In `kagiPro`, this is split into two constructors:

- `query_enrich_web()` for web context.
- `query_enrich_news()` for news context.

The execution flow is identical for both.

## Create the connection once

```r
library(kagiPro)

conn <- kagi_connection(
  api_key = function() keyring::key_get("API_kagi")
)
```

## Build web and news enrich queries

Assume you are tracking biodiversity policy from institutional sources.

```r
q_web <- query_enrich_web(
  query = "open data portals",
  site = "gov",
  expand = FALSE
)

q_news <- query_enrich_news(
  query = "biodiversity policy",
  expand = FALSE
)
```

Both constructors return named lists, so single and batch execution share the same interface.
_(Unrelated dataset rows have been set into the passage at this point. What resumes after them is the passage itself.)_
(* For positive integers $n$ and $k$, let $w_{n,k}(321)$ be the number of words $w_1\cdots w_n$ with all $w_i\in[k]$ for which there are no indices $i_1<i_2<i_3$ with $w_{i_1}>w_{i_2}>w_{i_3}$. Then \[w_{n,k}(321)=\sum_{a=0}^{\lfloor n/2\rfloor}\frac{n!\,(k+n-a-1)_{n-a}\,(k+a-2)_a}{\big(a!\,(n-2a)!\,(n-a+1)_a\big)^2}.\]
   Context: $[k]=\{1,\dots,k\}$. $(x)_m$ denotes the falling factorial $x(x-1)\cdots(x-m+1)$, with $(x)_0=1$. *)

theory Defs
  imports Complex_Main
begin

definition falling_fact :: "real \<Rightarrow> nat \<Rightarrow> real" where
  "falling_fact x m = (\<Prod>i<m. x - real i)"

definition avoids321 :: "nat list \<Rightarrow> bool" where
  "avoids321 w \<longleftrightarrow> \<not> (\<exists>i1 i2 i3. i1 < i2 \<and> i2 < i3 \<and> i3 < length w \<and>
       w ! i1 > w ! i2 \<and> w ! i2 > w ! i3)"

definition w321 :: "nat \<Rightarrow> nat \<Rightarrow> nat" where
  "w321 n k = card {w :: nat list. length w = n \<and> set w \<subseteq> {1..k} \<and> avoids321 w}"

end

theory Submission
  imports Defs
begin

(*
  A letter x can be appended to a 321-avoiding word exactly when x is at least every
  smaller entry of an inversion of the word.  So the 321-avoiding words over [k] are the
  words accepted by an automaton whose state (b, M) records the largest such smaller entry b
  and the largest letter M read so far.  With alpha = k + 1 - b and beta = k + 1 - M, the
  number of accepted words of length n satisfies a recurrence in n, alpha and beta, and so does

    D(n, alpha, beta) = sum_a C(n, a) (h_a(alpha) h_(n-a)(beta) - h_(a-1)(alpha) h_(n-a+1)(beta)),

  where h_m(v) = C(v + m - 1, m) counts multisets: summing over the next letter is a
  hockey-stick sum in one row of each determinant.  For alpha = beta = k the determinants
  telescope in a, so writing C(n, a) as the sum of the ballot numbers C(n, j) - C(n, j - 1)
  over j <= min(a, n - a) leaves sum_j (C(n, j) - C(n, j - 1)) (h_j h_(n-j) - h_(j-1) h_(n-j+1)),
  whose terms are the summands of the formula.
*)

section \<open>321-avoiding words as the language of an automaton\<close>

definition inversion_bottom :: "nat list \<Rightarrow> nat \<Rightarrow> bool" where
  "inversion_bottom p y \<longleftrightarrow> (\<exists>i j. i < j \<and> j < length p \<and> p ! i > p ! j \<and> p ! j = y)"

lemma avoids321_appendD:
  assumes "avoids321 (p @ u)"
  shows "avoids321 p"
  unfolding avoids321_def
proof (intro notI, elim exE conjE)
  fix i1 i2 i3
  assume "i1 < i2" "i2 < i3" "i3 < length p" "p ! i2 < p ! i1" "p ! i3 < p ! i2"
  then have "i1 < i2 \<and> i2 < i3 \<and> i3 < length (p @ u) \<and>
      (p @ u) ! i2 < (p @ u) ! i1 \<and> (p @ u) ! i3 < (p @ u) ! i2"
    by (simp add: nth_append)
  then show False using assms unfolding avoids321_def by blast
qed

lemma avoids321_snoc:
  "avoids321 (p @ [x]) \<longleftrightarrow> avoids321 p \<and> (\<forall>y. inversion_bottom p y \<longrightarrow> y \<le> x)"
proof
  assume A: "avoids321 (p @ [x])"
  show "avoids321 p \<and> (\<forall>y. inversion_bottom p y \<longrightarrow> y \<le> x)"
  proof (intro conjI allI impI)
    show "avoids321 p" using A by (rule avoids321_appendD)
  next
    fix y assume "inversion_bottom p y"
    then obtain i j where ij: "i < j" "j < length p" "p ! i > p ! j" "p ! j = y"
      unfolding inversion_bottom_def by blast
    show "y \<le> x"
    proof (rule ccontr)
      assume "\<not> y \<le> x"
      then have "i < j \<and> j < length p \<and> length p < length (p @ [x]) \<and>
          (p @ [x]) ! j < (p @ [x]) ! i \<and> (p @ [x]) ! length p < (p @ [x]) ! j"
        using ij by (simp add: nth_append)
      then show False using A unfolding avoids321_def by blast
    qed
  qed
next
  assume B: "avoids321 p \<and> (\<forall>y. inversion_bottom p y \<longrightarrow> y \<le> x)"
  show "avoids321 (p @ [x])"
    unfolding avoids321_def
  proof (intro notI, elim exE conjE)
    fix i1 i2 i3
    assume h: "i1 < i2" "i2 < i3" "i3 < length (p @ [x])"
      "(p @ [x]) ! i2 < (p @ [x]) ! i1" "(p @ [x]) ! i3 < (p @ [x]) ! i2"
    show False
    proof (cases "i3 < length p")
      case True
      then show False using h B unfolding avoids321_def by (auto simp: nth_append)
    next
      case False
      then have "i3 = length p" using h(3) by simp
      then have "inversion_bottom p (p ! i2)" "x < p ! i2"
        using h unfolding inversion_bottom_def by (auto simp: nth_append)
      then show False using B by fastforce
    qed
  qed
qed

lemma inversion_bottom_snoc:
  "inversion_bottom (p @ [x]) y \<longleftrightarrow> inversion_bottom p y \<or> (y = x \<and> (\<exists>z\<in>set p. z > x))"
proof
  assume "inversion_bottom (p @ [x]) y"
  then obtain i j where h: "i < j" "j < length (p @ [x])" "(p @ [x]) ! i > (p @ [x]) ! j"
    "(p @ [x]) ! j = y"
    unfolding inversion_bottom_def by blast
  show "inversion_bottom p y \<or> (y = x \<and> (\<exists>z\<in>set p. z > x))"
  proof (cases "j < length p")
    case True
    then show ?thesis using h unfolding inversion_bottom_def by (auto simp: nth_append)
  next
    case False
    then show ?thesis using h by (auto simp: nth_append)
  qed
next
  assume "inversion_bottom p y \<or> (y = x \<and> (\<exists>z\<in>set p. z > x))"
  then show "inversion_bottom (p @ [x]) y"
  proof
    assume "inversion_bottom p y"
    then obtain i j where "i < j" "j < length p" "p ! i > p ! j" "p ! j = y"
      unfolding inversion_bottom_def by blast
    then show ?thesis unfolding inversion_bottom_def
      by (intro exI[of _ i] exI[of _ j]) (auto simp: nth_append)
  next
    assume "y = x \<and> (\<exists>z\<in>set p. z > x)"
    then obtain i where "i < length p" "p ! i > x" "y = x" by (auto simp: in_set_conv_nth)
    then show ?thesis unfolding inversion_bottom_def
      by (intro exI[of _ i] exI[of _ "length p"]) (auto simp: nth_append)
  qed
qed

definition prefix_state :: "nat list \<Rightarrow> nat \<Rightarrow> nat \<Rightarrow> bool" where
  "prefix_state p b M \<longleftrightarrow> 1 \<le> b \<and> (\<forall>y\<in>set p. y \<le> M) \<and> (M = 1 \<or> M \<in> set p)
     \<and> (\<forall>y. inversion_bottom p y \<longrightarrow> y \<le> b) \<and> (b = 1 \<or> inversion_bottom p b)"

lemma prefix_state_Nil: "prefix_state [] 1 1"
  unfolding prefix_state_def inversion_bottom_def by simp

lemma avoids321_snoc_iff_state:
  assumes "prefix_state p b M" "avoids321 p" "1 \<le> x"
  shows "avoids321 (p @ [x]) \<longleftrightarrow> b \<le> x"
  using assms unfolding avoids321_snoc prefix_state_def
  by (metis le_trans)

lemma prefix_state_snoc:
  assumes I: "prefix_state p b M" and bx: "b \<le> x"
  shows "prefix_state (p @ [x]) (if x < M then x else b) (max M x)"
proof -
  have xM: "x < M \<longleftrightarrow> (\<exists>z\<in>set p. z > x)"
    using assms unfolding prefix_state_def by (metis le_trans not_le)
  show ?thesis
  proof (cases "x < M")
    case True
    with xM have e: "\<exists>z\<in>set p. z > x" by blast
    have "prefix_state (p @ [x]) x M"
      unfolding prefix_state_def inversion_bottom_snoc
    proof (intro conjI)
      show "1 \<le> x" using bx I unfolding prefix_state_def by simp
      show "\<forall>y\<in>set (p @ [x]). y \<le> M" using I True unfolding prefix_state_def by auto
      show "M = 1 \<or> M \<in> set (p @ [x])" using I unfolding prefix_state_def by auto
      show "\<forall>y. inversion_bottom p y \<or> y = x \<and> (\<exists>z\<in>set p. x < z) \<longrightarrow> y \<le> x"
        using I bx unfolding prefix_state_def by force
      show "x = 1 \<or> inversion_bottom p x \<or> x = x \<and> (\<exists>z\<in>set p. x < z)" using e by simp
    qed
    with True show ?thesis by simp
  next
    case False
    with xM have e: "\<not> (\<exists>z\<in>set p. z > x)" by blast
    have "prefix_state (p @ [x]) b x"
      unfolding prefix_state_def inversion_bottom_snoc
    proof (intro conjI)
      show "1 \<le> b" using I unfolding prefix_state_def by simp
      show "\<forall>y\<in>set (p @ [x]). y \<le> x" using I False unfolding prefix_state_def by auto
      show "x = 1 \<or> x \<in> set (p @ [x])" by simp
      show "\<forall>y. inversion_bottom p y \<or> y = x \<and> (\<exists>z\<in>set p. x < z) \<longrightarrow> y \<le> b"
        using I e unfolding prefix_state_def by auto
      show "b = 1 \<or> inversion_bottom p b \<or> b = x \<and> (\<exists>z\<in>set p. x < z)"
        using I unfolding prefix_state_def by blast
    qed
    with False show ?thesis by (simp add: max_def)
  qed
qed

(* The state (b, M) is the one described by prefix_state; a letter below b would complete
   a 321 pattern. *)
fun accepts :: "nat \<Rightarrow> nat \<Rightarrow> nat \<Rightarrow> nat list \<Rightarrow> bool" where
  "accepts k b M [] = True"
| "accepts k b M (x # u) \<longleftrightarrow> b \<le> x \<and> x \<le> k \<and> accepts k (if x < M then x else b) (max M x) u"

lemma accepts_iff_avoids321:
  assumes "prefix_state p b M" "avoids321 p"
  shows "accepts k b M u \<longleftrightarrow> set u \<subseteq> {1..k} \<and> avoids321 (p @ u)"
  using assms
proof (induction u arbitrary: p b M)
  case Nil
  then show ?case by simp
next
  case (Cons x u)
  have "1 \<le> b" using Cons.prems(1) unfolding prefix_state_def by simp
  show ?case
  proof (cases "b \<le> x \<and> x \<le> k")
    case True
    with \<open>1 \<le> b\<close> have "1 \<le> x" by simp
    then have "avoids321 (p @ [x])"
      using avoids321_snoc_iff_state[OF Cons.prems] True by simp
    with Cons.IH[OF prefix_state_snoc[OF Cons.prems(1)]] True \<open>1 \<le> x\<close> show ?thesis
      by simp
  next
    case False
    have "\<not> avoids321 (p @ [x] @ u)" if "1 \<le> x" "x \<le> k"
    proof -
      have "\<not> avoids321 (p @ [x])"
        using avoids321_snoc_iff_state[OF Cons.prems that(1)] False that(2) by simp
      then show ?thesis using avoids321_appendD[of "p @ [x]" u] by auto
    qed
    with False show ?thesis by auto
  qed
qed

definition accepted_count :: "nat \<Rightarrow> nat \<Rightarrow> nat \<Rightarrow> nat \<Rightarrow> nat" where
  "accepted_count k n b M = card {u. length u = n \<and> accepts k b M u}"

lemma w321_eq_accepted_count: "w321 n k = accepted_count k n 1 1"
proof -
  have "avoids321 []" unfolding avoids321_def by simp
  then show ?thesis
    using accepts_iff_avoids321[OF prefix_state_Nil, of k]
    unfolding w321_def accepted_count_def by simp
qed

lemma accepts_subset: "accepts k b M u \<Longrightarrow> set u \<subseteq> {..k}"
  by (induction u arbitrary: b M) auto

lemma finite_accepted: "finite {u. length u = n \<and> accepts k b M u}"
  by (rule finite_subset[OF _ finite_lists_length_eq[of "{..k}" n]]) (auto dest: accepts_subset)

lemma accepted_count_0: "accepted_count k 0 b M = 1"
proof -
  have "{u. length u = 0 \<and> accepts k b M u} = {[]}" by auto
  then show ?thesis unfolding accepted_count_def by simp
qed

lemma accepted_count_Suc:
  "accepted_count k (Suc n) b M =
    (\<Sum>x\<in>{b..k}. accepted_count k n (if x < M then x else b) (max M x))"
proof -
  have "{u. length u = Suc n \<and> accepts k b M u} =
     (\<Union>x\<in>{b..k}. (#) x ` {u. length u = n \<and> accepts k (if x < M then x else b) (max M x) u})"
    by (auto simp: length_Suc_conv)
  then have "accepted_count k (Suc n) b M = (\<Sum>x\<in>{b..k}.
      card ((#) x ` {u. length u = n \<and> accepts k (if x < M then x else b) (max M x) u}))"
    unfolding accepted_count_def by (simp only:) (rule card_UN_disjoint, auto simp: finite_accepted)
  then show ?thesis
    unfolding accepted_count_def by (simp add: card_image)
qed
## Execute a focused run for each enrich type

```r
out_web <- "enrich_web"
dir.create(out_web, recursive = TRUE, showWarnings = FALSE)

kagi_request(
  connection = conn,
  query = q_web[[1]],
  output = out_web,
  overwrite = TRUE
)
```

```r
out_news <- "enrich_news"
dir.create(out_news, recursive = TRUE, showWarnings = FALSE)

kagi_request(
  connection = conn,
  query = q_news[[1]],
  output = out_news,
  overwrite = TRUE
)
```

At this stage you have two independent JSON collections, one for web context and one for news context.

## Move to a thematic batch workload

For recurring monitoring, prepare a topic vector and run it as a batch.

```r
q_news_batch <- query_enrich_news(
  query = c("biodiversity", "ecosystem restoration", "nature finance"),
  expand = TRUE
)

kagi_request(
  connection = conn,
  query = q_news_batch,
  output = "enrich_news_batch",
  overwrite = TRUE,
  workers = 2
)
```

This pattern is well suited for weekly or monthly trend snapshots.

## Handle request failures without losing the whole run

If you want long jobs to continue when one request fails:

```r
kagi_request(
  connection = conn,
  query = q_news_batch,
  output = "enrich_news_batch_safe",
  overwrite = TRUE,
  workers = 2,
  error_mode = "write_dummy"
)
```

Failed requests are written as dummy JSON with `data = null` plus an `error` block, and the function emits warnings.

## Convert enrich output to parquet

```r
kagi_request_parquet(
  input_json = "enrich_news_batch",
  output = "enrich_news_batch_parquet",
  overwrite = TRUE
)
```

Use parquet when you want to join enrich data with other tables or build reproducible reports.

## Operational recommendations

- Keep web and news outputs in separate directories.
- Start with `workers = 1` during debugging, then increase.
- Keep raw JSON as the source of truth, and regenerate parquet as needed.